Затем, видимо, отвечает кому-то:
— Ja, jenau. Sag ihm, ich ruf ihn jleich zurück. Да, правильно. Скажи ему, я сейчас перезвоню.
А мне говорит:
— Bis dann, Baby. Bis Montag. Пока, бэйби. До понедельника.
Бэйби.
Детка.
— Значит, не всем запрещается звать тебя «детка» ... – глубокомысленно замечает нарисовавшийся Йонас.
Так, я не понимаю, я что – на громкую сейчас говорила или он давно уже тут стоит и все это время подслушивал?.. А похеру... Зачем-то поднимаю на него глаза:
— Не, не всем. Муж бывший так звал.
Интересно, я успела выключить тупую, отчаянно-страдательную улыбку отшитой «на сегодня» любовницы, которая теперь собирается идти напиваться с горя? Если успела, то в достаточной ли мере я похожа на детку-вамп?..
Смотрю сквозь Йонаса, не разбираю ни его лица, ни взгляда.
А если...
Он мне не больно нравится и мне его совсем не хочется, но хочется... дать жару. Отколоть что-нибудь покруче. Использовать... не именно его, а просто кого-нибудь... сейчас... Просто пойти с ним в туалет. Просто подняться из-за стола, взять его за руку... или не брать – просто выразительно глянуть – он сам пойдет...
А там – чтобы без слов... Чтоб жарко, больно и постыло, ненужно, но необратимо. Терпи... противен, но терпи... Чтоб въелось в тело, въелось в память – сама хотела, сама позволила... позвала... сама взяла, а не дала...
Чтоб вываляться в этом, как в грязи, хоть чем это, собственно, грязнее... Чтоб кусало... И чтоб потом как следует этим Рика терзануть. А если и не терзануть, то просто упиваться наедине с собой, и чтобы Рик в такие моменты чувствовал во мне жар и злобу и ничего не понимал, а, максимум, догадывался.
Так если?..
— Детка...
Кто это только что сейчас сказал?..
— Детка, — произносит Йонас, глядя на меня, как будто пробует на вкус слово. – Ты знаешь, что я вообще-то не зову никого «детка» ?.. И не звал.
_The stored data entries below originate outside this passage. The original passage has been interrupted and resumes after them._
(* Let $n\ge 3$ and let $W_n$ be the web graph. Then its $b$-chromatic number satisfies $$\varphi(W_n)=\begin{cases}4 & \text{if } n=3,4,\\ 5 & \text{if } n\ge 5.\end{cases}$$
   Context: The web graph $W_n$ is obtained from the prism graph $C_n\Box P_2$ (two $n$-cycles $v_1\dots v_n$ and $u_1\dots u_n$ with $u_i$ adjacent to $v_i$ for each $i$) by attaching one pendant vertex to each vertex of one of the two cycles (the outer cycle $u_1\dots u_n$). A $b$-colouring of a graph $G$ with $k$ colours is a proper colouring $c:V(G)\to\{1,\dots,k\}$ such that for every colour $i$ there is a vertex of colour $i$ adjacent to a vertex of every colour $j\ne i$, $1\le j\le k$. The $b$-chromatic number $\varphi(G)$ is the maximum $k$ for which $G$ has a $b$-colouring with $k$ colours. *)

theory Defs
  imports Main
begin

definition proper_colouring :: "'a set \<Rightarrow> ('a \<Rightarrow> 'a \<Rightarrow> bool) \<Rightarrow> nat \<Rightarrow> ('a \<Rightarrow> nat) \<Rightarrow> bool" where
  "proper_colouring V E k c \<longleftrightarrow>
     (\<forall>x\<in>V. c x \<in> {1..k}) \<and> (\<forall>x\<in>V. \<forall>y\<in>V. E x y \<longrightarrow> c x \<noteq> c y)"

definition b_colouring :: "'a set \<Rightarrow> ('a \<Rightarrow> 'a \<Rightarrow> bool) \<Rightarrow> nat \<Rightarrow> ('a \<Rightarrow> nat) \<Rightarrow> bool" where
  "b_colouring V E k c \<longleftrightarrow> proper_colouring V E k c \<and>
     (\<forall>i\<in>{1..k}. \<exists>x\<in>V. c x = i \<and>
        (\<forall>j\<in>{1..k}. j \<noteq> i \<longrightarrow> (\<exists>y\<in>V. E x y \<and> c y = j)))"

definition b_chromatic_number :: "'a set \<Rightarrow> ('a \<Rightarrow> 'a \<Rightarrow> bool) \<Rightarrow> nat" where
  "b_chromatic_number V E = (GREATEST k. \<exists>c. b_colouring V E k c)"

(* Web graph W_n. Vertices (l, i) with i < n:
   l = 0 : inner cycle v_{i+1};  l = 1 : outer cycle u_{i+1};  l = 2 : pendant vertex at u_{i+1}. *)
definition web_vertices :: "nat \<Rightarrow> (nat \<times> nat) set" where
  "web_vertices n = {0,1,2} \<times> {..<n}"

definition web_adj :: "nat \<Rightarrow> nat \<times> nat \<Rightarrow> nat \<times> nat \<Rightarrow> bool" where
  "web_adj n x y \<longleftrightarrow> x \<in> web_vertices n \<and> y \<in> web_vertices n \<and>
     ((fst x = fst y \<and> fst x \<in> {0,1} \<and>
        (snd y = Suc (snd x) mod n \<or> snd x = Suc (snd y) mod n))
    \<or> (snd x = snd y \<and> {fst x, fst y} = {0,1})
    \<or> (snd x = snd y \<and> {fst x, fst y} = {1,2}))"

end

theory Submission
  imports Defs
begin

text \<open>
  The b-vertex of colour \<open>i\<close> sees all other \<open>k - 1\<close> colours, so it has degree at least
  \<open>k - 1\<close>; b-vertices of distinct colours are distinct. In \<open>W\<^sub>n\<close> the outer vertices
  have degree 4 and all others degree at most 3, so \<open>k \<le> 5\<close>, and \<open>k = 5\<close> needs five
  distinct outer vertices, i.e. \<open>n \<ge> 5\<close>. Conversely, explicit colourings attain 4 for
  \<open>n = 3, 4\<close> and 5 for \<open>n \<ge> 5\<close>.
\<close>

definition neighbours :: "'a set \<Rightarrow> ('a \<Rightarrow> 'a \<Rightarrow> bool) \<Rightarrow> 'a \<Rightarrow> 'a set" where
  "neighbours V E x = {y \<in> V. E x y}"

lemma b_colouring_iff:
  "b_colouring V E k c \<longleftrightarrow> proper_colouring V E k c \<and>
     (\<forall>i\<in>{1..k}. \<exists>x\<in>V. c x = i \<and> {1..k} - {i} \<subseteq> c ` neighbours V E x)"
proof -
  have "(\<forall>j\<in>{1..k}. j \<noteq> i \<longrightarrow> (\<exists>y\<in>V. E x y \<and> c y = j)) \<longleftrightarrow> {1..k} - {i} \<subseteq> c ` neighbours V E x"
    for i x by (auto simp: neighbours_def)
  then show ?thesis unfolding b_colouring_def by presburger
qed

lemma b_colouring_le_card_high_degree:
  assumes "finite V" and "b_colouring V E k c"
  shows "k \<le> card {x \<in> V. k - 1 \<le> card (neighbours V E x)}"
    (is "k \<le> card ?H")
proof -
  have b_vertices: "\<forall>i\<in>{1..k}. \<exists>x\<in>V. c x = i \<and> {1..k} - {i} \<subseteq> c ` neighbours V E x"
    using assms(2) unfolding b_colouring_iff by (rule conjunct2)
  have "\<forall>i\<in>{1..k}. \<exists>x\<in>?H. c x = i"
  proof
    fix i assume i: "i \<in> {1..k}"
    then obtain x where x: "x \<in> V" "c x = i" and dom: "{1..k} - {i} \<subseteq> c ` neighbours V E x"
      using b_vertices by blast
    have fin: "finite (neighbours V E x)" using assms(1) by (simp add: neighbours_def)
    have "k - 1 = card ({1..k} - {i})" using i by simp
    also have "\<dots> \<le> card (c ` neighbours V E x)" using dom fin by (intro card_mono) auto
    also have "\<dots> \<le> card (neighbours V E x)" using fin by (rule card_image_le)
    finally show "\<exists>x\<in>?H. c x = i" using x by blast
  qed
  then obtain b where b: "\<forall>i\<in>{1..k}. b i \<in> ?H \<and> c (b i) = i"
    by (auto dest: bchoice)
  then have "inj_on b {1..k}" by (intro inj_onI) metis
  moreover have "b ` {1..k} \<subseteq> ?H" using b by blast
  ultimately have "card {1..k} \<le> card ?H" using assms(1) by (intro card_inj_on_le) auto
  then show ?thesis by simp
qed

definition web_neighbours :: "nat \<Rightarrow> nat \<times> nat \<Rightarrow> (nat \<times> nat) set" where
  "web_neighbours n = (\<lambda>(l, i).
     if l \<le> 1 then {(l, if Suc i = n then 0 else Suc i), (l, if i = 0 then n - 1 else i - 1)} \<union>
       (if l = 0 then {(1, i)} else {(0, i), (2, i)})
     else {(1, i)})"

lemma cycle_adjacent_iff:
  fixes i j n :: nat
  assumes "i < n" "j < n"
  shows "(j = Suc i mod n \<or> i = Suc j mod n) \<longleftrightarrow>
    j = (if Suc i = n then 0 else Suc i) \<or> j = (if i = 0 then n - 1 else i - 1)"
  using assms by (cases "Suc i = n"; cases "Suc j = n") auto

lemma web_neighbours_subset: "x \<in> web_vertices n \<Longrightarrow> web_neighbours n x \<subseteq> web_vertices n"
  by (cases x) (auto simp: web_neighbours_def web_vertices_def less_imp_diff_less split: if_splits)

lemma web_adj_iff: "web_adj n x y \<longleftrightarrow> x \<in> web_vertices n \<and> y \<in> web_neighbours n x"
proof (cases "x \<in> web_vertices n \<and> y \<in> web_vertices n")
  case True
  obtain l i l' j where xy: "x = (l, i)" "y = (l', j)" by (cases x, cases y)
  with True have i: "i < n" and j: "j < n"
    and l: "l = 0 \<or> l = 1 \<or> l = 2" and l': "l' = 0 \<or> l' = 1 \<or> l' = 2"
    by (auto simp: web_vertices_def)
  show ?thesis using l l' True unfolding xy
    by (elim disjE) (auto simp: web_adj_def web_neighbours_def doubleton_eq_iff cycle_adjacent_iff[OF i j])
next
  case False
  then show ?thesis unfolding web_adj_def using web_neighbours_subset[of x n] by blast
qed

lemma neighbours_web:
  "x \<in> web_vertices n \<Longrightarrow> neighbours (web_vertices n) (web_adj n) x = web_neighbours n x"
  unfolding neighbours_def web_adj_iff using web_neighbours_subset by blast

lemma card_web_neighbours: "card (web_neighbours n (l, i)) \<le> (if l = 1 then 4 else 3)"
  by (auto simp: web_neighbours_def intro!: card_insert_le_m1)

lemma web_proper_colouringI:
  assumes range: "\<And>x. x \<in> web_vertices n \<Longrightarrow> c x \<in> {1..k}"
    and ring: "\<And>l i. l \<le> 1 \<Longrightarrow> Suc i < n \<Longrightarrow> c (l, i) \<noteq> c (l, Suc i)"
    and wrap: "\<And>l. l \<le> 1 \<Longrightarrow> c (l, n - 1) \<noteq> c (l, 0)"
    and rungs: "\<And>i. i < n \<Longrightarrow> c (0, i) \<noteq> c (1, i) \<and> c (1, i) \<noteq> c (2, i)"
  shows "proper_colouring (web_vertices n) (web_adj n) k c"
proof -
  have "c (l, i) \<noteq> c y" if "(l, i) \<in> web_vertices n" "y \<in> web_neighbours n (l, i)" for l i y
  proof -
    have "i < n" "l = 0 \<or> l = 1 \<or> l = 2" using that(1) by (auto simp: web_vertices_def)
    then show ?thesis using that(2) ring[of l i] ring[of l "i - 1"] wrap[of l] rungs[OF \<open>i < n\<close>]
      by (cases "Suc i = n"; cases "i = 0") (auto simp: web_neighbours_def)
  qed
  with range show ?thesis unfolding proper_colouring_def web_adj_iff by fast
qed

text \<open>
  For \<open>n \<ge> 6\<close>: the outer vertices \<open>u\<^sub>0, \<dots>, u\<^sub>4\<close> get colours 1--5 and are the
  b-vertices; beyond them the outer cycle alternates 3, 4 and the inner cycle 1, 2.
  The pendant of \<open>u\<^sub>0\<close> takes the one of 3, 4 that is missing at \<open>u\<^sub>n\<^sub>-\<^sub>1\<close>.
\<close>
definition web_colouring :: "nat \<Rightarrow> nat \<times> nat \<Rightarrow> nat" where
  "web_colouring n = (\<lambda>(l, i).
     if l = 0 then (if i = 1 then 4 else if i < 3 then 5 else if even i then 2 else 1)
     else if l = 1 then (if i < 5 then i + 1 else if even i then 4 else 3)
     else if i = 0 then (if even n then 4 else 3) else if i = 1 then 5 else if i = 3 then 2 else 1)"

lemma web_colouring_proper:
  assumes "6 \<le> n"
  shows "proper_colouring (web_vertices n) (web_adj n) 5 (web_colouring n)"
proof (rule web_proper_colouringI)
  fix x
  show "web_colouring n x \<in> {1..5}" by (auto simp: web_colouring_def split: prod.splits)
next
  fix l i :: nat assume "l \<le> 1"
  then have "l = 0 \<or> l = 1" by auto
  moreover have "i < 5 \<Longrightarrow> i = 0 \<or> i = 1 \<or> i = 2 \<or> i = 3 \<or> i = 4" by auto
  ultimately show "web_colouring n (l, i) \<noteq> web_colouring n (l, Suc i)"
    by (cases "i < 5") (auto simp: web_colouring_def)
next
  fix l :: nat assume "l \<le> 1"
  then have "l = 0 \<or> l = 1" by auto
  then show "web_colouring n (l, n - 1) \<noteq> web_colouring n (l, 0)"
    using assms by (auto simp: web_colouring_def)
next
  fix i :: nat
  have "i < 5 \<Longrightarrow> i = 0 \<or> i = 1 \<or> i = 2 \<or> i = 3 \<or> i = 4" by auto
  then show "web_colouring n (0, i) \<noteq> web_colouring n (1, i) \<and> web_colouring n (1, i) \<noteq> web_colouring n (2, i)"
    by (cases "i < 5") (auto simp: web_colouring_def)
qed

lemma web_colouring_b_colouring:
  assumes "6 \<le> n"
  shows "b_colouring (web_vertices n) (web_adj n) 5 (web_colouring n)"
  unfolding b_colouring_iff
proof (intro conjI web_colouring_proper[OF assms] ballI)
  fix k :: nat assume "k \<in> {1..5}"
  then have k: "k = 1 \<or> k = 2 \<or> k = 3 \<or> k = 4 \<or> k = 5" by auto
  have x: "(1, k - 1) \<in> web_vertices n" using k assms by (auto simp: web_vertices_def)
  have "even (n - 1) \<longleftrightarrow> odd n" using assms by simp
  then have "web_colouring n (1, k - 1) = k \<and>
      {1..5} - {k} \<subseteq> web_colouring n ` web_neighbours n (1, k - 1)"
    using k assms by (elim disjE) (auto simp: web_colouring_def web_neighbours_def)
  then show "\<exists>x\<in>web_vertices n. web_colouring n x = k \<and>
      {1..5} - {k} \<subseteq> web_colouring n ` neighbours (web_vertices n) (web_adj n) x"
    using x neighbours_web[OF x] by metis
qed

definition table_colouring :: "nat list list \<Rightarrow> nat \<times> nat \<Rightarrow> nat" where
  "table_colouring rows x = rows ! fst x ! snd x"

lemma web_vertices_upt: "web_vertices n = {0, 1, 2} \<times> set [0..<n]"
  by (auto simp: web_vertices_def)

lemma small_web_b_colourings:
  "b_colouring (web_vertices 3) (web_adj 3) 4 (table_colouring [[4,3,2], [1,2,3], [2,4,4]])"
  "b_colouring (web_vertices 4) (web_adj 4) 4 (table_colouring [[2,1,4,3], [1,2,3,4], [3,4,1,2]])"
  "b_colouring (web_vertices 5) (web_adj 5) 5 (table_colouring [[3,4,5,1,2], [1,2,3,4,5], [4,5,1,2,3]])"
  unfolding b_colouring_def proper_colouring_def web_adj_def web_vertices_upt atLeastAtMost_upt
  by (simp_all add: table_colouring_def doubleton_eq_iff upt_rec del: set_upt)

lemma web_b_colouring_bounds:
  assumes "b_colouring (web_vertices n) (web_adj n) k c"
  shows "k \<le> 5" and "n \<le> 4 \<Longrightarrow> k \<le> 4"
proof -
  let ?N = "neighbours (web_vertices n) (web_adj n)"
  let ?H = "{x \<in> web_vertices n. k - 1 \<le> card (?N x)}"
  have deg: "card (?N (l, i)) \<le> (if l = 1 then 4 else 3)" if "(l, i) \<in> web_vertices n" for l i
    using card_web_neighbours[of n l i] unfolding neighbours_web[OF that] .
  have "finite (web_vertices n)" by (simp add: web_vertices_def)
  then have k: "k \<le> card ?H" using assms by (rule b_colouring_le_card_high_degree)
  have outer: "?H \<subseteq> {1} \<times> {..<n}" if "5 \<le> k"
  proof
    fix x assume "x \<in> ?H"
    moreover obtain l i where "x = (l, i)" by (cases x)
    ultimately have "(l, i) \<in> web_vertices n" "4 \<le> card (?N (l, i))" using that by auto
    with deg[of l i] show "x \<in> {1} \<times> {..<n}"
      using \<open>x = (l, i)\<close> by (auto simp: web_vertices_def split: if_split_asm)
  qed
  show "k \<le> 5"
  proof (rule ccontr)
    assume "\<not> k \<le> 5"
    have "?H = {}"
    proof (intro equals0I)
      fix x assume "x \<in> ?H"
      moreover obtain l i where "x = (l, i)" by (cases x)
      ultimately have "(l, i) \<in> web_vertices n" "5 \<le> card (?N (l, i))" using \<open>\<not> k \<le> 5\<close> by auto
      with deg[of l i] show False by (simp split: if_split_asm)
    qed
    with k \<open>\<not> k \<le> 5\<close> show False by (simp only: card.empty)
  qed
  show "k \<le> 4" if "n \<le> 4"
  proof (rule ccontr)
    assume "\<not> k \<le> 4"
    with outer have "card ?H \<le> card ({1::nat} \<times> {..<n})" by (intro card_mono) auto
    with k \<open>\<not> k \<le> 4\<close> \<open>n \<le> 4\<close> show False by (simp add: card_cartesian_product)
  qed
qed

theorem theorem2p19:
  fixes n :: nat
  assumes "n \<ge> 3"
  shows "b_chromatic_number (web_vertices n) (web_adj n) = (if n \<le> 4 then 4 else 5)"
  unfolding b_chromatic_number_def
proof (rule Greatest_equality)
  consider "n = 3" | "n = 4" | "n = 5" | "6 \<le> n" using assms by linarith
  then show "\<exists>c. b_colouring (web_vertices n) (web_adj n) (if n \<le> 4 then 4 else 5) c"
    by cases (use small_web_b_colourings web_colouring_b_colouring in \<open>simp; blast\<close>)+
next
  fix k assume "\<exists>c. b_colouring (web_vertices n) (web_adj n) k c"
  then obtain c where "b_colouring (web_vertices n) (web_adj n) k c" ..
  from web_b_colouring_bounds[OF this] show "k \<le> (if n \<le> 4 then 4 else 5)" by simp
qed

end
Кроме тебя.
— Не знаю, — говорю. – И не надо.
Поднимаюсь, накидываю кожанку, перебрасываю через плечо сумку и, не обернувшись даже на него и совершенно и моментально «протрезвев», отчаливаю со словами:
— До понедельника.
Пусть этот понедельник выходной – мне отчего-то захотелось увидеться в понедельник. Или во вторник.
До понедельника, желаю стенам, дверям и даже лифту. В закрывшиеся двери лифта начинаю дико и отчаянно рыдать, без звука, но с обилием горько подсоленной воды в глазах, сгибаясь в три погибели, как подкошенная. Мне нужно вылить это все, поэтому тыкаю кнопку «транзит».
В туалете, быстро и стихийно проревевшись, подтираю расквасившееся было лицо. Лишь тут вижу, что, когда только вставала из-за стола и шкандыляла перед Йонасом, не поправила даже платья, и оно превратилось в «мини».
«Бедный Йонас...»
Нет, не думаю такого, никогда по отношению к нему не думала – просто при мысли о нем вспоминаю, что, было, с ним задумала.
А Йонас... Когда он подал голос и обнаружил собственную самобытность, как человека и мужчины, то выпарил у меня из подсознания восприятие его, как инструмент для моих нужд.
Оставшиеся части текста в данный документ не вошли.